EXERCISE DESCRIPTION. Every line that contains the word "longleftrightarrow" is to be copied from the listing.

+++++

(* Let $n\ge1$, $d\ge2$. The elements $\delta_0,\dots,\delta_n\in\pi_1(\mathcal U_{n,d},[x_0^d+\cdots+x_n^d])$ pairwise commute and satisfy $\delta_0\delta_1\cdots\delta_n=1$.
   Context: $\mathcal U_{n,d}\subset\mathbf P^{N-1}$ is the complement of the discriminant in the projective space of degree-$d$ forms in $x_0,\dots,x_n$ (forms defining singular hypersurfaces removed). For $\kappa=0,\dots,n$, $\delta_\kappa$ is the class of the loop $t\in[0,2\pi]\mapsto\big[e^{it}x_\kappa^d+\sum_{\lambda\ne\kappa}x_\lambda^d\big]$ in the Fermat family $\{[a_0x_0^d+\cdots+a_nx_n^d]\}$. *)

theory Defs
  imports "HOL-Analysis.Analysis"
begin

definition deg_monos :: "nat \<Rightarrow> nat \<Rightarrow> (nat \<Rightarrow> nat) set" where
  "deg_monos n d = {\<alpha>. (\<forall>v>n. \<alpha> v = 0) \<and> sum \<alpha> {0..n} = d}"

definition is_form :: "nat \<Rightarrow> nat \<Rightarrow> ((nat \<Rightarrow> nat) \<Rightarrow> complex) \<Rightarrow> bool" where
  "is_form n d F \<longleftrightarrow> (\<forall>\<alpha>. \<alpha> \<notin> deg_monos n d \<longrightarrow> F \<alpha> = 0)"

definition form_eval :: "nat \<Rightarrow> nat \<Rightarrow> ((nat \<Rightarrow> nat) \<Rightarrow> complex) \<Rightarrow> (nat \<Rightarrow> complex) \<Rightarrow> complex" where
  "form_eval n d F x = (\<Sum>\<alpha>\<in>deg_monos n d. F \<alpha> * (\<Prod>v\<in>{0..n}. x v ^ \<alpha> v))"

definition singular_form :: "nat \<Rightarrow> nat \<Rightarrow> ((nat \<Rightarrow> nat) \<Rightarrow> complex) \<Rightarrow> bool" where
  "singular_form n d F \<longleftrightarrow>
     (\<exists>x. (\<exists>v\<le>n. x v \<noteq> 0) \<and>
          (\<forall>v\<le>n. ((\<lambda>t. form_eval n d F (x(v := t))) has_field_derivative 0) (at (x v))))"

text \<open>Projective point [F] realized (homeomorphically) as the rank-one Hermitian projector
  F F^* / |F|^2; this embeds P^{N-1} into a space of matrices.\<close>
definition proj :: "nat \<Rightarrow> nat \<Rightarrow> ((nat \<Rightarrow> nat) \<Rightarrow> complex) \<Rightarrow> ((nat \<Rightarrow> nat) \<times> (nat \<Rightarrow> nat) \<Rightarrow> complex)" where
  "proj n d F = (\<lambda>(\<alpha>, \<beta>). F \<alpha> * cnj (F \<beta>) / complex_of_real (\<Sum>\<gamma>\<in>deg_monos n d. (cmod (F \<gamma>))\<^sup>2))"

+++++

RESPONSE FOR THIS EXERCISE.
  "is_form n d F \<longleftrightarrow> (\<forall>\<alpha>. \<alpha> \<notin> deg_monos n d \<longrightarrow> F \<alpha> = 0)"
  "singular_form n d F \<longleftrightarrow>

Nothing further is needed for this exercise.